PSE: A tool for browsing a large amount of MEDLINE/PubMed abstracts with gene names and common words as the keywords
Pharmaceutical Research Laboratories, Pharmaceutical Division, Kirin Brewery Co. Ltd., 3 Miyahara, Takasaki, Gunma 370-1295, Japan
BMC Bioinformatics 2005, 6:295 doi:10.1186/1471-2105-6-295Published: 10 December 2005
MEDLINE/PubMed (hereinafter called PubMed) is one of the most important literature databases for the biological and medical sciences, but it is impossible to read all related records due to the sheer size of the repository. We usually have to repeatedly enter keywords in a trial-and-error manner to extract useful records. Software which can reduce such a laborious task is therefore required.
We developed a web-based software, the PubMed Sentence Extractor (PSE), which parses large number of PubMed abstracts, extracts and displays the co-occurrence sentences of gene names and other keywords, and some information from EntrezGene records. The result links to whole abstracts and other resources such as the Online Mendelian Inheritance in Men and Reference Sequence. While PSE executes at the sentence-level when evaluating the existence of keywords, the popular PubMed operates at the record-level.
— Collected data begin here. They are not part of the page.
(* Let $\frac12<\beta<\frac54$ and $\alpha+\beta=\frac54$, and let $r>\max(2\beta,2-\beta)$. Then there exists a constant $C>0$ such that for all $v,w$ for which the right-hand sides are finite, \[ |\langle B(\Lambda^{-2\alpha}w,v),\Lambda^{2r-2}v\rangle|\le C\big(\|w\|_{V^r}\|v\|_{V^{r-1}}+\|w\|_{V^{r+\beta-1}}\|v\|_{V^{r+\beta-1}}\big)\|v\|_{V^{r-1}} \] and \[ |\langle B(\Lambda^{-2\alpha}v,w),\Lambda^{2r-2}v\rangle|\le C\|v\|_{V^{r-1}}\|w\|_{V^{r+\beta-1}}\|v\|_{V^{r+\beta-1}}. \]
   Context: On the torus $\mathbb T=[0,2\pi]^3$, for $s\in\mathbb R$, $V^s$ is the space of real periodic vector fields $w=\sum_{k\in\mathbb Z^3\setminus\{0\}}w_ke^{ik\cdot x}$, $w_k\in\mathbb C^3$, $w_{-k}=\overline{w_k}$, $w_k\cdot k=0$ (divergence free, zero mean), with $\|w\|_{V^s}^2=\sum_k|w_k|^2|k|^{2s}<\infty$. $\Lambda^s$ is the Fourier multiplier by $|k|^s$. $B(u,v)=\Pi((u\cdot\nabla)v)$ with $\Pi$ the Leray projection, and $\langle B(u,v),z\rangle=\int_{\mathbb T}((u\cdot\nabla)v)\cdot z\,dx$ (for $z$ divergence free) denotes the $L^2$ pairing. *)

theory Defs
  imports "HOL-Analysis.Analysis"
begin

text \<open>A (complex) periodic vector field on the 3-torus is represented by its Fourier
  coefficients: a map from wave vectors k in Z^3 to coefficients in C^3.\<close>
type_synonym field3 = "int ^ 3 \<Rightarrow> complex ^ 3"

definition knorm :: "int ^ 3 \<Rightarrow> real" where
  "knorm k = sqrt (\<Sum>i\<in>UNIV. (real_of_int (k $ i))\<^sup>2)"

definition cnorm2 :: "complex ^ 3 \<Rightarrow> real" where
  "cnorm2 a = (\<Sum>i\<in>UNIV. (cmod (a $ i))\<^sup>2)"

text \<open>Real, divergence free, zero mean.\<close>
definition dfield :: "field3 \<Rightarrow> bool" where
  "dfield w \<longleftrightarrow> w 0 = 0
     \<and> (\<forall>k. w (- k) = (\<chi> i. cnj (w k $ i)))
     \<and> (\<forall>k. (\<Sum>i\<in>UNIV. w k $ i * of_int (k $ i)) = 0)"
Therefore, the relationship between the two keywords, a gene name and a common word, is more accurately captured by PSE than PubMed. In addition, PSE shows the list of keywords and considers the synonyms and variations on gene names. Through these functions, PSE would reduce the task of searching through records for gene information.
We developed PSE in order to extract useful records efficiently from PubMed. This system has four advantages over a simple PubMed search; the reduction in the amount of collected literatures, the showing of keyword lists, the consideration for synonyms and variations on gene names, and the links to external databases. We believe PSE is helpful in collecting necessary literatures efficiently in order to find research targets. PSE is freely available under the GPL licence as additional files to this manuscript.